Miriam College in Quezon City — one of the Philippines' most respected all-women educational institutions, formerly known as Maryknoll College — has a resident supernatural figure that combines two of the most common elements in Filipino school hauntings: a ghost nun and a haunted restroom.
The spirit resides in the ladies' restroom on the second floor of the Caritas Building, and she manifests with enough regularity that students have developed informal protocols for using the facility. The nun appears as a figure in traditional religious habit — her order's distinct clothing recognizable even in the dim fluorescent lighting of the restroom — standing motionless near the mirrors or in the corner of the room.

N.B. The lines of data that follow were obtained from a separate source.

(* A quasi-orthomodular nearsemilattice $(A,\vee,\perp,0)$ is distributive if and only if it has the Riesz decomposition property.
   Context: A nearsemilattice is a poset $A$ with least element $0$ in which any two elements having a common upper bound have a join $x \vee y$ (a partial operation). It is distributive if whenever $y \vee z$ exists and $x \le y \vee z$, then $x = y' \vee z'$ for some $y' \le y$ and $z' \le z$. An orthogonality on $A$ is a binary relation $\perp$ with: $x \perp y$ implies $y \perp x$; $x \le y$ and $y \perp z$ imply $x \perp z$; $x \perp 0$ for all $x$. A quasi-orthomodular nearsemilattice is a nearsemilattice with an orthogonality such that: (a) if $x \perp y$ then $x \vee y$ exists; (b) if $x \le y$ then $y = x \vee z$ for some $z$ with $x \perp z$; (c) if $x \perp y$, $x \perp z$ and $y \le x \vee z$, then $y \le z$. Define the partial operation $x \oplus y := x \vee y$, defined exactly when $x \perp y$. The Riesz decomposition property: if $y \perp z$ and $x \le y \oplus z$, then $x = y' \oplus z'$ for some $y' \le y$ and $z' \le z$. *)

theory Defs
  imports Main
begin

definition is_join :: "('a \<Rightarrow> 'a \<Rightarrow> bool) \<Rightarrow> 'a \<Rightarrow> 'a \<Rightarrow> 'a \<Rightarrow> bool" where
  "is_join le x y j \<longleftrightarrow> le x j \<and> le y j \<and> (\<forall>u. le x u \<and> le y u \<longrightarrow> le j u)"

definition has_join :: "('a \<Rightarrow> 'a \<Rightarrow> bool) \<Rightarrow> 'a \<Rightarrow> 'a \<Rightarrow> bool" where
  "has_join le x y \<longleftrightarrow> (\<exists>j. is_join le x y j)"

definition nearsemilattice :: "('a \<Rightarrow> 'a \<Rightarrow> bool) \<Rightarrow> 'a \<Rightarrow> bool" where
  "nearsemilattice le z \<longleftrightarrow>
     reflp le \<and> antisymp le \<and> transp le \<and> (\<forall>x. le z x) \<and>
     (\<forall>x y. (\<exists>u. le x u \<and> le y u) \<longrightarrow> has_join le x y)"

definition distributive :: "('a \<Rightarrow> 'a \<Rightarrow> bool) \<Rightarrow> bool" where
  "distributive le \<longleftrightarrow>
     (\<forall>x y z j. is_join le y z j \<and> le x j \<longrightarrow>
        (\<exists>y' z'. le y' y \<and> le z' z \<and> is_join le y' z' x))"

definition orthogonality :: "('a \<Rightarrow> 'a \<Rightarrow> bool) \<Rightarrow> 'a \<Rightarrow> ('a \<Rightarrow> 'a \<Rightarrow> bool) \<Rightarrow> bool" where
  "orthogonality le z orth \<longleftrightarrow>
     (\<forall>x y. orth x y \<longrightarrow> orth y x) \<and>
     (\<forall>x y w. le x y \<and> orth y w \<longrightarrow> orth x w) \<and>
     (\<forall>x. orth x z)"

definition quasi_orthomodular_nearsemilattice ::
    "('a \<Rightarrow> 'a \<Rightarrow> bool) \<Rightarrow> 'a \<Rightarrow> ('a \<Rightarrow> 'a \<Rightarrow> bool) \<Rightarrow> bool" where
  "quasi_orthomodular_nearsemilattice le z orth \<longleftrightarrow>
     nearsemilattice le z \<and> orthogonality le z orth \<and>
     (\<forall>x y. orth x y \<longrightarrow> has_join le x y) \<and>
     (\<forall>x y. le x y \<longrightarrow> (\<exists>w. orth x w \<and> is_join le x w y)) \<and>
     (\<forall>x y w j. orth x y \<and> orth x w \<and> is_join le x w j \<and> le y j \<longrightarrow> le y w)"

text \<open>Riesz decomposition: x \<oplus> y is the join of x and y, defined exactly when x \<perp> y.\<close>

definition riesz_decomposition :: "('a \<Rightarrow> 'a \<Rightarrow> bool) \<Rightarrow> ('a \<Rightarrow> 'a \<Rightarrow> bool) \<Rightarrow> bool" where
  "riesz_decomposition le orth \<longleftrightarrow>
     (\<forall>x y z j. orth y z \<and> is_join le y z j \<and> le x j \<longrightarrow>
        (\<exists>y' z'. le y' y \<and> le z' z \<and> orth y' z' \<and> is_join le y' z' x))"

end

theory Submission
  imports Defs
begin

text \<open>Distributivity restricts to orthogonal joins because orthogonality is inherited by
  smaller elements. Conversely, given a join \<open>y \<or> w\<close>, complement \<open>y\<close> orthogonally
  inside \<open>y \<or> w\<close> and decompose \<open>w\<close> along this orthogonal sum: its part below the complement
  is orthogonal to \<open>y\<close>, lies below \<open>w\<close> and still has join \<open>y \<or> w\<close> with \<open>y\<close>. So every join
  can be rewritten as an orthogonal one, to which the Riesz property applies.\<close>

lemma nearsemilattice_trans:
  "nearsemilattice le z \<Longrightarrow> le x y \<Longrightarrow> le y w \<Longrightarrow> le x w"
  unfolding nearsemilattice_def by (meson transpD)

lemma nearsemilattice_antisym:
  "nearsemilattice le z \<Longrightarrow> le x y \<Longrightarrow> le y x \<Longrightarrow> x = y"
  unfolding nearsemilattice_def by (meson antisympD)

lemma orthogonality_mono:
  assumes "orthogonality le z orth" "le x x'" "le y y'" "orth x' y'"
  shows "orth x y"
  using assms unfolding orthogonality_def by meson

lemma distributive_imp_riesz_decomposition:
  assumes "orthogonality le z orth" "distributive le"
  shows "riesz_decomposition le orth"
  unfolding riesz_decomposition_def
proof (intro allI impI)
  fix x y w j
  assume "orth y w \<and> is_join le y w j \<and> le x j"
  moreover from this obtain y' w' where "le y' y" "le w' w" "is_join le y' w' x"
    using assms(2) unfolding distributive_def by blast
  ultimately show "\<exists>y' w'. le y' y \<and> le w' w \<and> orth y' w' \<and> is_join le y' w' x"
    using orthogonality_mono[OF assms(1)] by blast
qed

lemma riesz_decomposition_orthogonal_join:
  assumes qom: "quasi_orthomodular_nearsemilattice le z orth"
    and riesz: "riesz_decomposition le orth"
    and join: "is_join le y w j"
  obtains w' where "le w' w" "orth y w'" "is_join le y w' j"
proof -
  have ns: "nearsemilattice le z" and og: "orthogonality le z orth"
    using qom unfolding quasi_orthomodular_nearsemilattice_def by auto
  note trans = nearsemilattice_trans[OF ns]
  from join have "le y j" "le w j" and lub: "\<And>u. le y u \<Longrightarrow> le w u \<Longrightarrow> le j u"
    unfolding is_join_def by auto
  obtain v where "orth y v" and yv: "is_join le y v j"
    using qom \<open>le y j\<close> unfolding quasi_orthomodular_nearsemilattice_def by blast
  obtain y1 w1 where "le y1 y" "le w1 v" "is_join le y1 w1 w"
    using riesz yv \<open>orth y v\<close> \<open>le w j\<close> unfolding riesz_decomposition_def by blast
  have "le y y" using ns unfolding nearsemilattice_def by (simp add: reflpD)
  then have "orth y w1" using orthogonality_mono[OF og _ \<open>le w1 v\<close> \<open>orth y v\<close>] by blast
  then obtain k where k: "is_join le y w1 k"
    using qom unfolding quasi_orthomodular_nearsemilattice_def has_join_def by blast
  have "le w1 w" using \<open>is_join le y1 w1 w\<close> unfolding is_join_def by blast
  have "le k j" using k \<open>le y j\<close> \<open>le w1 w\<close> \<open>le w j\<close> trans unfolding is_join_def by meson
  moreover have "le j k"
  proof (rule lub)
    show "le y k" using k unfolding is_join_def by blast
    show "le w k" using \<open>is_join le y1 w1 w\<close> k \<open>le y1 y\<close> trans unfolding is_join_def by meson
  qed
  ultimately have "k = j" using nearsemilattice_antisym[OF ns] by blast
  with k show thesis using that \<open>le w1 w\<close> \<open>orth y w1\<close> by blast
qed

lemma riesz_decomposition_imp_distributive:
  assumes qom: "quasi_orthomodular_nearsemilattice le z orth"
    and riesz: "riesz_decomposition le orth"
  shows "distributive le"
  unfolding distributive_def
proof (intro allI impI)
  fix x y w j
  assume "is_join le y w j \<and> le x j"
  then obtain w1 where "le w1 w" "orth y w1" "is_join le y w1 j" and "le x j"
    using riesz_decomposition_orthogonal_join[OF qom riesz] by blast
  then obtain y' w' where "le y' y" "le w' w1" "is_join le y' w' x"
    using riesz unfolding riesz_decomposition_def by blast
  moreover have "le w' w"
    using qom \<open>le w' w1\<close> \<open>le w1 w\<close> unfolding quasi_orthomodular_nearsemilattice_def
    by (blast intro: nearsemilattice_trans)
  ultimately show "\<exists>y' w'. le y' y \<and> le w' w \<and> is_join le y' w' x" by blast
qed

theorem theorem4:
  fixes le :: "'a \<Rightarrow> 'a \<Rightarrow> bool" and z :: 'a and orth :: "'a \<Rightarrow> 'a \<Rightarrow> bool"
  assumes "quasi_orthomodular_nearsemilattice le z orth"
  shows "distributive le \<longleftrightarrow> riesz_decomposition le orth"
proof
  have "orthogonality le z orth"
    using assms unfolding quasi_orthomodular_nearsemilattice_def by blast
  then show "distributive le \<Longrightarrow> riesz_decomposition le orth"
    by (rule distributive_imp_riesz_decomposition)
  show "riesz_decomposition le orth \<Longrightarrow> distributive le"
    using assms by (rule riesz_decomposition_imp_distributive)
qed

end
(* Assume (H1), (H3) and (H6). Let $c=(c(n))_{n\in\mathbb{Z}}$ be defined by \[ c(n)=\sum_{k=-\infty}^{+\infty}\mathcal{G}(n,k)\,h(k),\qquad n\in\mathbb{Z}. \] Then $c$ is the unique almost periodic solution of the linear inhomogeneous difference system \[ c(n+1)=H(n)c(n)+h(n),\qquad n\in\mathbb{Z}. \] Moreover, \[ |c|_{\infty}\le \frac{2K}{1-\rho}\,|h|_{\infty}. \]
   Context: Let $q\in\mathbb{N}$. $|\cdot|$ denotes the Euclidean norm on every finite-dimensional space (for matrices, the Euclidean norm of the array of entries), and for $g:D\to E$, $|g|_\infty=\sup_{t\in D}|g(t)|$. Fix a real sequence $(t_n)_{n\in\mathbb{Z}}$ with $t_n<t_{n+1}$ and $t_n\to\pm\infty$ as $n\to\pm\infty$; put $t^{(k)}_n=t_{n+k}-t_n$. A set $E\subseteq\mathbb{R}$ (or $\subseteq\mathbb{Z}$) is relatively dense if there is $l>0$ with $E\cap[m,m+l]\neq\emptyset$ for all $m\in\mathbb{R}$. For $\mathbb{A}\in\{\mathbb{R},\mathbb{Z}\}$ and a finite-dimensional normed space $E$, a continuous $g:\mathbb{A}\to E$ is almost periodic if for every $\varepsilon>0$ the set $T(g,\varepsilon)=\{\tau\in\mathbb{A}:|g(t+\tau)-g(t)|\le\varepsilon\ \forall t\in\mathbb{A}\}$ is relatively dense. Let $A,B:\mathbb{R}\to M_q(\mathbb{C})$ and $f:\mathbb{R}\to\mathbb{C}^q$ be locally integrable. Let $X$ be a fundamental matrix of $x'=A(t)x$ and $X(t,s)=X(t)X(s)^{-1}$. For $n\in\mathbb{Z}$ and $t\in[t_n,t_{n+1}]$ let $\mathcal{J}_n(t)=I+\int_{t_n}^tX(t_n,u)B(u)\,du$; it is assumed throughout that $\mathcal{J}_n(t)$ is invertible for all $n\in\mathbb{Z}$, $t\in[t_n,t_{n+1}]$. Let $Z_n(t)=X(t,t_n)\mathcal{J}_n(t)$, $H(n)=Z_n(t_{n+1})$, and $h(n)=\int_{t_n}^{t_{n+1}}X(t_{n+1},u)f(u)\,du$. Hypotheses: (H1) $A$ and $B$ are almost periodic. (H2) For every $\varepsilon>0$ the set $\bigcap_{k\in\mathbb{N}}\{T\in\mathbb{Z}: |t^{(k)}_{T+n}-t^{(k)}_n|\le\varepsilon \text{ for all } n\in\mathbb{Z}\}$ is relatively dense. (H3) (H2) holds, and for every $\varepsilon>0$ the set $\{\tau\in\mathbb{R}: |f(t+\tau)-f(t)|\le\varepsilon \text{ for all } t\in\mathbb{R}\setminus\bigcup_{n\in\mathbb{Z}}(t_n-\varepsilon,t_n+\varepsilon)\}$ is relatively dense, and there is $\delta_\varepsilon>0$ such that $|f(t'+\tau')-f(t')|\le\varepsilon$ whenever $|\tau'|\le\delta_\varepsilon$ and $t',t'+\tau'$ lie in a common interval $[t_n,t_{n+1}]$. (H6) Let $\Phi$ be a fundamental matrix of $\phi(n+1)=H(n)\phi(n)$ (i.e. $\Phi(n+1)=H(n)\Phi(n)$, $\Phi(n)$ invertible). There are a projection $\Pi$ on $\mathbb{C}^q$ and constants $K>0$, $0<\rho<1$ such that $|\mathcal{G}(n,k)|\le K\rho^{|n-k|}$ for all $n,k\in\mathbb{Z}$, where $\mathcal{G}(n,k)=\Phi(n)\Pi\Phi(k+1)^{-1}$ if $n>k$ and $\mathcal{G}(n,k)=-\Phi(n)(I-\Pi)\Phi(k+1)^{-1}$ if $n\le k$. *)

theory Defs
  imports "HOL-Analysis.Analysis"
begin
definition cluster_cover :: "nat set \<Rightarrow> (nat \<Rightarrow> 'a) \<Rightarrow> (nat \<Rightarrow> real) \<Rightarrow> (nat \<Rightarrow> nat set) \<Rightarrow> bool" where
  "cluster_cover I c \<rho> G \<longleftrightarrow> finite I \<and> I \<noteq> {} \<and> disjoint_family_on G I \<and> (\<Union>i\<in>I. G i) = {1..N} \<and>
     (\<forall>i\<in>I. c i \<in> X \<and> 0 < \<rho> i \<and> (\<forall>j\<in>G i. cball (xs j) R \<subseteq> cball (c i) (\<rho> i)))"

lemma cluster_cover_UN: "cluster_cover I c \<rho> G \<Longrightarrow> (\<Union>i\<in>I. G i) = {1..N}"
  unfolding cluster_cover_def by blast

lemma cluster_cover_subset: "cluster_cover I c \<rho> G \<Longrightarrow> i \<in> I \<Longrightarrow> G i \<subseteq> {1..N}"
  using cluster_cover_UN by blast

lemma cluster_cover_ball_subset:
  "cluster_cover I c \<rho> G \<Longrightarrow> i \<in> I \<Longrightarrow> j \<in> G i \<Longrightarrow> cball (xs j) R \<subseteq> cball (c i) (\<rho> i)"
  unfolding cluster_cover_def by blast

lemma cluster_cover_sum_lam:
  assumes "cluster_cover I c \<rho> G"
  shows "(\<Sum>i\<in>I. sum lam (G i)) = lam_total"
proof -
  have "finite (G i)" if "i \<in> I" for i
    using cluster_cover_subset[OF assms that] by (rule finite_subset) simp
  then have "sum lam (\<Union>i\<in>I. G i) = (\<Sum>i\<in>I. sum lam (G i))"
    using assms unfolding cluster_cover_def by (intro sum.UNION_disjoint_family) auto
  then show ?thesis
    by (simp add: cluster_cover_UN[OF assms] lam_total_def)
qed

lemma cluster_cover_cball_subset_scaled:
  assumes "cluster_cover I c \<rho> G" "i \<in> I" "1 \<le> t"
  shows "cball (c i) (\<rho> i) \<subseteq> cball (c i) (t * \<rho> i)"
  using assms by (intro subset_cball) (simp add: cluster_cover_def)

lemma mass_cluster_annulus_ge:
  assumes cover: "cluster_cover I c \<rho> G" and t: "1 \<le> t" and i: "i \<in> I" and tR0: "t * \<rho> i \<le> R0"
    and separated: "\<And>k k'. k \<in> I \<Longrightarrow> k' \<in> I \<Longrightarrow> k \<noteq> k' \<Longrightarrow> t * (\<rho> k + \<rho> k') \<le> dist (c k) (c k')"
  shows "ennreal (sum lam (G i) * ln t) \<le> mass {y. \<rho> i < dist (c i) y \<and> dist (c i) y < t * \<rho> i}"
proof -
  have ci: "c i \<in> X" and \<rho>i: "0 < \<rho> i"
    using cover i by (auto simp: cluster_cover_def)
  have "ennreal (sum lam (G i) * ln (t * \<rho> i / \<rho> i)) \<le> mass {y. \<rho> i < dist (c i) y \<and> dist (c i) y < t * \<rho> i}"
  proof (rule mass_annulus_ge[OF ci \<rho>i _ tR0])
    show "\<rho> i \<le> t * \<rho> i"
      using t \<rho>i by simp
    show "0 \<le> sum lam (G i)"
      using cluster_cover_subset[OF cover i] lam_nonneg by (intro sum_nonneg) auto
    fix r
    assume r: "\<rho> i < r" "r < t * \<rho> i"
    show "\<forall>j\<in>{1..N}. sphere (c i) r \<inter> cball (xs j) R = {}"
    proof
      fix j
      assume "j \<in> {1..N}"
      then obtain k where k: "k \<in> I" "j \<in> G k"
        using cluster_cover_UN[OF cover] by blast
      then have "cball (xs j) R \<subseteq> cball (c k) (\<rho> k)"
        by (rule cluster_cover_ball_subset[OF cover])
      moreover have "sphere (c i) r \<inter> cball (c k) (\<rho> k) = {}"
      proof (cases "k = i")
        case False
        have "sphere (c i) r \<subseteq> ball (c i) (t * \<rho> i)"
          using r by auto
        then show ?thesis
          using cluster_cover_cball_subset_scaled[OF cover k(1) t] separated[OF i k(1)] False
            ball_Int_cball_eq_empty[of "t * \<rho> i" "t * \<rho> k" "c i" "c k"]
          by (auto simp: distrib_left)
      qed (use r in auto)
      ultimately show "sphere (c i) r \<inter> cball (xs j) R = {}"
        by blast
    qed
    have "G i \<subseteq> {j\<in>{1..N}. cball (xs j) R \<subseteq> ball (c i) r}"
      using cluster_cover_subset[OF cover i] cluster_cover_ball_subset[OF cover i] r
      by (fastforce simp: subset_eq)
    then show "sum lam (G i) \<le> (\<Sum>j\<in>{j\<in>{1..N}. cball (xs j) R \<subseteq> ball (c i) r}. lam j)"
      using lam_nonneg by (intro sum_mono2) auto
  qed
  then show ?thesis
    using \<rho>i by simp
qed

lemma lam_total_nonneg: "0 \<le> lam_total"
  unfolding lam_total_def using lam_nonneg by (intro sum_nonneg) auto

lemma mass_add_sum_le:
  assumes "finite I" "W \<in> sets borel" "\<And>i. i \<in> I \<Longrightarrow> A i \<in> sets borel" "disjoint_family_on A I"
    and "W \<inter> (\<Union>i\<in>I. A i) = {}" "W \<union> (\<Union>i\<in>I. A i) \<subseteq> V"
  shows "mass W + (\<Sum>i\<in>I. mass (A i)) \<le> mass V"
proof -
  have "mass W + (\<Sum>i\<in>I. mass (A i)) = mass W + mass (\<Union>i\<in>I. A i)"
    using assms unfolding mass_def by (simp add: set_nn_integral_UN_disjoint)
  also have "\<dots> = mass (W \<union> (\<Union>i\<in>I. A i))"
    using assms unfolding mass_def by (intro nn_integral_disjoint_pair[symmetric]) auto
  also have "\<dots> \<le> mass V"
    using assms(6) by (rule mass_mono)
  finally show ?thesis .
qed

She is silent, watchful, and disappears when a student turns to face her directly, leaving only the sensation of having been observed by someone who is no longer there.
The identity of the spectral nun has not been established, though the college's history as a Maryknoll institution provides a broad pool of candidates. The Maryknoll Sisters operated the college from its founding in 1926, and generations of religious women served on the campus before the institution transitioned to lay governance. Some of those sisters may have died on or near the campus, their spiritual attachment to the institution outlasting their physical presence.
In the Philippine Catholic educational tradition, ghost nuns occupy an ambiguous position. They are not feared in the same way that white ladies or wartime ghosts are feared — they are understood as extensions of the religious authority that governs the institution, and their presence in restrooms is sometimes interpreted as supervisory rather than menacing. The nun of Caritas Building may be watching over the students who use the facility, continuing the duty of care that religious sisters have exercised at the college for nearly a century.